→ Activity
From the following material, work out how many lines include the string "summand"; respond with the number only.

→ Source material
=== Begin Enclosure ===
(* Let $X$ be a nonsingular variety over an algebraically closed field, $E\to X$ a vector bundle of rank $n$, $0<q<n$, $r=n-q$, and $\pi:G^q(E)\to X$ the Grassmann bundle of rank $q$ quotients with tautological sequence $0\to S\to\pi^*E\to Q\to0$; let $x_1,\dots,x_q$ be the Chern roots of $Q$ and $x_{q+1},\dots,x_n$ those of $S$. Then for all sequences $\lambda=(\lambda_1,\dots,\lambda_q)$ and $\mu=(\mu_1,\dots,\mu_r)$ of nonnegative integers, $$\pi_*\Bigl(\prod_{1\le i\le q<j\le n}(x_i-tx_j)\,P_\lambda(Q;t)\,P_\mu(S;t)\Bigr)=\frac{v_{\lambda\mu}(t)}{v_\lambda(t)\,v_\mu(t)}\,P_{\lambda\mu}(E;t),$$ where $\lambda\mu=(\lambda_1,\dots,\lambda_q,\mu_1,\dots,\mu_r)$.
   Context: $A(\cdot)$ is the Chow group, $t$ an indeterminate, push-forwards act coefficientwise in $t$. For a rank $m$ bundle $F$ on $Y$, $\tau_F:Fl(F)\to Y$ is the complete flag bundle of quotients of ranks $m,\dots,1$ with Chern roots $z_1,\dots,z_m$ ordered so that $(\tau_F)_*f(z)=\sum_{w\in S_m}w\bigl(f(y)/\prod_{i<j}(y_i-y_j)\bigr)$ evaluated at the Chern roots of $F$; for a sequence $\lambda$ of $m$ nonnegative integers, $R_\lambda(F;t)=(\tau_F)_*\bigl(z_1^{\lambda_1}\cdots z_m^{\lambda_m}\prod_{i<j}(z_i-tz_j)\bigr)$. $v_m(t)=\prod_{i=1}^m\frac{1-t^i}{1-t}$; $v_\lambda(t)=\prod_iv_{m_i}(t)$ where $m_1,\dots,m_d$ are the cardinalities of the level sets of $\lambda$ (maximal subsets of indices on which $\lambda$ is constant); $P_\lambda(F;t)=R_\lambda(F;t)/v_\lambda(t)$, a polynomial in $t$ and the Chern classes of $F$. The Gysin map of the Grassmann bundle is: for $f$ symmetric separately in $y_1,\dots,y_q$ and in $y_{q+1},\dots,y_n$, $\pi_*f(x_1,\dots,x_n)=\sum_{w\in S_n/(S_q\times S_r)}w\bigl(f(y)/\prod_{i\le q<j}(y_i-y_j)\bigr)$ evaluated at the Chern roots of $E$. The ratio $v_{\lambda\mu}/(v_\lambda v_\mu)$ is a polynomial in $t$. *)

theory Defs
  imports "HOL-Combinatorics.Permutations"
begin

text \<open>Everything is expressed in terms of Chern roots, which are modelled as
  values y 0, ..., y (m-1) in a field.  Index i of the paper corresponds to i-1 here.\<close>

text \<open>Gysin map of the complete flag bundle of a rank m bundle F whose Chern roots
  are y 0, ..., y (m-1):  sum over w in S_m of w (f(y) / prod_{i<j} (y_i - y_j)).\<close>
definition flag_push :: "nat \<Rightarrow> ((nat \<Rightarrow> 'a::field) \<Rightarrow> 'a) \<Rightarrow> (nat \<Rightarrow> 'a) \<Rightarrow> 'a" where
  "flag_push m f y =
     (\<Sum>w | w permutes {..<m}.
        f (y \<circ> w) / (\<Prod>i<m. \<Prod>j\<in>{i<..<m}. (y (w i) - y (w j))))"

text \<open>R_lambda(F;t), where m = length lam is the rank of F.\<close>
definition R_fn :: "nat list \<Rightarrow> (nat \<Rightarrow> 'a::field) \<Rightarrow> 'a \<Rightarrow> 'a" where
  "R_fn lam y t = flag_push (length lam)
      (\<lambda>z. (\<Prod>i<length lam. z i ^ (lam ! i)) *
            (\<Prod>i<length lam. \<Prod>j\<in>{i<..<length lam}. (z i - t * z j))) y"

text \<open>(1 - t^i)/(1 - t) as the polynomial 1 + t + ... + t^(i-1).\<close>
definition qint :: "nat \<Rightarrow> 'a::field \<Rightarrow> 'a" where
  "qint i t = (\<Sum>k<i. t ^ k)"

definition v_nat :: "nat \<Rightarrow> 'a::field \<Rightarrow> 'a" where
  "v_nat m t = (\<Prod>i\<in>{1..m}. qint i t)"

definition v_seq :: "nat list \<Rightarrow> 'a::field \<Rightarrow> 'a" where
  "v_seq lam t = (\<Prod>a\<in>set lam. v_nat (count_list lam a) t)"

definition P_fn :: "nat list \<Rightarrow> (nat \<Rightarrow> 'a::field) \<Rightarrow> 'a \<Rightarrow> 'a" where
  "P_fn lam y t = R_fn lam y t / v_seq lam t"

text \<open>Gysin map of the Grassmann bundle G^q(E) of rank q quotients of a rank n bundle,
  with Chern roots y 0..y (n-1) of E.  The cosets S_n/(S_q x S_r) are represented by the
  shuffle permutations (increasing on {..<q} and on {q..<n}).\<close>
definition grass_push :: "nat \<Rightarrow> nat \<Rightarrow> ((nat \<Rightarrow> 'a::field) \<Rightarrow> 'a) \<Rightarrow> (nat \<Rightarrow> 'a) \<Rightarrow> 'a" where
  "grass_push q n f y =
     (\<Sum>w | w permutes {..<n} \<and> strict_mono_on {..<q} w \<and> strict_mono_on {q..<n} w.
        f (y \<circ> w) / (\<Prod>i<q. \<Prod>j\<in>{q..<n}. (y (w i) - y (w j))))"

end

theory Submission
  imports Defs
begin

(* Write S_n for the permutations of {..<n}.  Both sides of the theorem are
   sums over permutations of Chern roots, and the identity is a regrouping of the sum
   defining R_{lam mu}(E;t):
   (1) every p in S_n factors uniquely as p = w o r, where w is a shuffle (increasing on
       {..<q} and on {q..<n}) and r lies in the block stabilizer S_q x S_r of {..<q};
   (2) the block stabilizer is the image of S_q x S_r under juxtaposition of permutations;
   (3) the summand of R_{lam mu} at a vector z of roots splits as
       [cross factor of z] * [summand of R_lam at z_1..z_q] * [summand of R_mu at z_{q+1}..z_n],
       and the cross factor  prod_{i<=q<j} (z_i - t z_j)/(z_i - z_j)  is invariant under
       the block stabilizer.
   Summing (3) over the stabilizer gives the cross factor times R_lam(Q) R_mu(S) at every
   shuffle, which is the summand of the Grassmann push-forward; dividing by the v-factors
   turns R into P and yields the theorem.
   The identity is formal: it holds in any field (division by zero being 0). *)

section \<open>Strictly monotone enumerations\<close>

lemma strict_mono_on_sorted_image:
  fixes w :: "nat \<Rightarrow> nat"
  assumes "strict_mono_on {a..<b} w"
  shows "sorted_list_of_set (w ` {a..<b}) = map w [a..<b]"
proof -
  have "sorted_wrt (<) (map w [a..<b])"
    unfolding sorted_wrt_iff_nth_less by (auto intro: strict_mono_onD[OF assms])
  moreover have "length (map w [a..<b]) = card (w ` {a..<b})"
    using card_image[OF strict_mono_on_imp_inj_on[OF assms]] by simp
  ultimately show ?thesis
    using sorted_list_of_set.sorted_key_list_of_set_unique[of "w ` {a..<b}" "map w [a..<b]"]
    by simp
qed

lemma strict_mono_on_eq_by_image:
  fixes w w' :: "nat \<Rightarrow> nat"
  assumes "strict_mono_on {a..<b} w" "strict_mono_on {a..<b} w'"
    and "w ` {a..<b} = w' ` {a..<b}" and "i \<in> {a..<b}"
  shows "w i = w' i"
proof -
  have "map w [a..<b] = map w' [a..<b]"
    using strict_mono_on_sorted_image[OF assms(1)] strict_mono_on_sorted_image[OF assms(2)]
    unfolding assms(3) by (rule trans[OF sym])
  moreover have "i \<in> set [a..<b]" using assms(4) by simp
  ultimately show ?thesis by (metis map_eq_conv)
qed

lemma permutes_image_tail:
  fixes q n :: nat
  assumes "w permutes {..<n}" "q \<le> n"
  shows "w ` {q..<n} = {..<n} - w ` {..<q}"
proof -
  have "{..<n} = {..<q} \<union> {q..<n}" using ivl_disj_un_one(2)[OF assms(2)] by simp
  then have "w ` {..<n} = w ` {..<q} \<union> w ` {q..<n}" by auto
  moreover have "w ` {..<q} \<inter> w ` {q..<n} = {}"
    using permutes_inj[OF assms(1)] by (auto simp: inj_def) (metis not_le)
  ultimately show ?thesis using permutes_image[OF assms(1)] by auto
qed

section \<open>Shuffles and the block stabilizer\<close>

definition shuffle_perms :: "nat \<Rightarrow> nat \<Rightarrow> (nat \<Rightarrow> nat) set" where
  "shuffle_perms q n =
     {w. w permutes {..<n} \<and> strict_mono_on {..<q} w \<and> strict_mono_on {q..<n} w}"

definition block_perms :: "nat \<Rightarrow> nat \<Rightarrow> (nat \<Rightarrow> nat) set" where
  "block_perms q n = {r. r permutes {..<n} \<and> r ` {..<q} = {..<q}}"

lemma shuffle_eq_by_head_image:
  fixes q n :: nat
  assumes "w \<in> shuffle_perms q n" "w' \<in> shuffle_perms q n" "q \<le> n" "w ` {..<q} = w' ` {..<q}"
  shows "w = w'"
proof
  fix i
  have perm: "w permutes {..<n}" "w' permutes {..<n}"
    and mono: "strict_mono_on {0..<q} w" "strict_mono_on {q..<n} w"
      "strict_mono_on {0..<q} w'" "strict_mono_on {q..<n} w'"
    using assms(1,2) by (auto simp: shuffle_perms_def atLeast0LessThan)
  have tail: "w ` {q..<n} = w' ` {q..<n}"
    using assms(4) permutes_image_tail[OF perm(1) assms(3)] permutes_image_tail[OF perm(2) assms(3)]
    by simp
  consider "i < q" | "q \<le> i" "i < n" | "n \<le> i" by linarith
  then show "w i = w' i"
  proof cases
    case 1
    then show ?thesis
      using strict_mono_on_eq_by_image[OF mono(1,3)] assms(4) by (simp add: atLeast0LessThan)
  next
    case 2
    then show ?thesis using strict_mono_on_eq_by_image[OF mono(2,4) tail] by simp
  next
    case 3
    then show ?thesis using permutes_not_in[OF perm(1)] permutes_not_in[OF perm(2)] by simp
  qed
qed

text \<open>Every q-element subset A of {..<n} is the head image of a shuffle: list A and its
  complement increasingly, one after the other.\<close>
lemma shuffle_with_head_image:
  fixes q n :: nat
  assumes A: "A \<subseteq> {..<n}" "card A = q"
  shows "\<exists>w\<in>shuffle_perms q n. w ` {..<q} = A"
proof -
  define B where "B = {..<n} - A"
  define la where "la = sorted_list_of_set A"
  define lb where "lb = sorted_list_of_set B"
  have fin: "finite A" "finite B" using A(1) unfolding B_def by (auto intro: finite_subset)
  have "q \<le> n" using card_mono[OF _ A(1)] A(2) by simp
  have la: "set la = A" "length la = q" "sorted_wrt (<) la"
    unfolding la_def using fin A(2) by auto
  have lb: "set lb = B" "length lb = n - q" "sorted_wrt (<) lb"
    unfolding lb_def B_def using fin A by (auto simp: card_Diff_subset finite_subset)
  define w where "w i = (if i < q then la ! i else if i < n then lb ! (i - q) else i)" for i
  have head: "w ` {..<q} = A"
  proof -
    have "w ` {..<q} = (!) la ` {..<length la}" using la(2) by (auto simp: w_def)
    then show ?thesis using la(1) by (metis atLeast0LessThan list.set_map map_nth set_upt)
  qed
  have tail: "w ` {q..<n} \<subseteq> B" using lb by (auto simp: w_def)
  have mono_head: "strict_mono_on {..<q} w"
    unfolding strict_mono_on_def w_def using la sorted_wrt_nth_less by fastforce
  have mono_tail: "strict_mono_on {q..<n} w"
  proof (rule strict_mono_onI)
    fix i j assume "i \<in> {q..<n}" "j \<in> {q..<n}" "i < j"
    then show "w i < w j"
      unfolding w_def using lb sorted_wrt_nth_less[of "(<)" lb "i - q" "j - q"] by auto
  qed
  have "inj_on w ({..<q} \<union> {q..<n})"
    using strict_mono_on_imp_inj_on[OF mono_head] strict_mono_on_imp_inj_on[OF mono_tail]
      head tail unfolding B_def inj_on_Un by blast
  then have "inj_on w {..<n}" using \<open>q \<le> n\<close> by (simp add: ivl_disj_un_one(2))
  then have "w permutes {..<n}"
  proof (rule inj_imp_permutes)
    show "w i \<in> {..<n}" if "i \<in> {..<n}" for i
      using that head tail A(1) \<open>q \<le> n\<close> unfolding B_def
      by (cases "i < q") (auto simp: image_subset_iff)
    show "w i = i" if "i \<notin> {..<n}" for i using that \<open>q \<le> n\<close> by (simp add: w_def)
  qed simp
  then show ?thesis using mono_head mono_tail head unfolding shuffle_perms_def by blast
qed

lemma shuffle_block_decomposition:
  fixes q n :: nat
  assumes qn: "q \<le> n"
  shows "bij_betw (\<lambda>(w, r). w \<circ> r) (shuffle_perms q n \<times> block_perms q n)
           {p. p permutes {..<n}}"
proof (rule bij_betw_imageI)
  show "inj_on (\<lambda>(w, r). w \<circ> r) (shuffle_perms q n \<times> block_perms q n)"
  proof (rule inj_onI, clarsimp)
    fix w r w' r'
    assume w: "w \<in> shuffle_perms q n" "w' \<in> shuffle_perms q n"
      and r: "r \<in> block_perms q n" "r' \<in> block_perms q n" and eq: "w \<circ> r = w' \<circ> r'"
    have head_image: "(v \<circ> \<rho>) ` {..<q} = v ` {..<q}" if "\<rho> \<in> block_perms q n" for v \<rho>
      using that unfolding block_perms_def by (metis (mono_tags) image_comp mem_Collect_eq)
    have "w ` {..<q} = w' ` {..<q}"
      using head_image[OF r(1)] head_image[OF r(2)] eq by (metis (no_types))
    then have "w = w'" using shuffle_eq_by_head_image[OF w qn] by simp
    have pw: "w permutes {..<n}" using w(1) by (simp add: shuffle_perms_def)
    have "r = inv w \<circ> (w \<circ> r)" by (simp add: o_assoc permutes_inv_o(2)[OF pw])
    also have "\<dots> = inv w \<circ> (w \<circ> r')" using eq \<open>w = w'\<close> by simp
    also have "\<dots> = r'" by (simp add: o_assoc permutes_inv_o(2)[OF pw])
    finally show "w = w' \<and> r = r'" using \<open>w = w'\<close> by simp
  qed
  show "(\<lambda>(w, r). w \<circ> r) ` (shuffle_perms q n \<times> block_perms q n) = {p. p permutes {..<n}}"
  proof
    show "(\<lambda>(w, r). w \<circ> r) ` (shuffle_perms q n \<times> block_perms q n) \<subseteq> {p. p permutes {..<n}}"
    proof (rule subsetI, elim imageE SigmaE, clarify)
      fix w r assume "w \<in> shuffle_perms q n" "r \<in> block_perms q n"
      then show "w \<circ> r permutes {..<n}"
        unfolding shuffle_perms_def block_perms_def by (intro permutes_compose) simp_all
    qed
  next
    show "{p. p permutes {..<n}} \<subseteq> (\<lambda>(w, r). w \<circ> r) ` (shuffle_perms q n \<times> block_perms q n)"
    proof
      fix p assume "p \<in> {p. p permutes {..<n}}"
      then have p: "p permutes {..<n}" by simp
      have "p ` {..<q} \<subseteq> p ` {..<n}" using qn by (intro image_mono) auto
      then have "p ` {..<q} \<subseteq> {..<n}" by (simp only: permutes_image[OF p])
      moreover have "card (p ` {..<q}) = q" using card_image[OF permutes_inj_on[OF p]] by simp
      ultimately obtain w where w: "w \<in> shuffle_perms q n" "w ` {..<q} = p ` {..<q}"
        using shuffle_with_head_image[of "p ` {..<q}" n q] by blast
      have pw: "w permutes {..<n}" using w(1) by (simp add: shuffle_perms_def)
      define r where "r = inv w \<circ> p"
      have "r permutes {..<n}" unfolding r_def by (rule permutes_compose[OF p permutes_inv[OF pw]])
      moreover have "r ` {..<q} = {..<q}"
      proof -
        have "r ` {..<q} = inv w ` (w ` {..<q})" unfolding r_def w(2) by (rule image_comp[symmetric])
        also have "\<dots> = {..<q}" by (simp add: image_comp permutes_inv_o(2)[OF pw])
        finally show ?thesis .
      qed
      moreover have "w \<circ> r = p" using permutes_inv_o(1)[OF pw] by (simp add: r_def o_assoc)
      ultimately show "p \<in> (\<lambda>(w, r). w \<circ> r) ` (shuffle_perms q n \<times> block_perms q n)"
        using w(1) unfolding block_perms_def by (intro image_eqI[of _ _ "(w, r)"]) auto
    qed
  qed
qed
=== End Enclosure ===
→ Written solution
3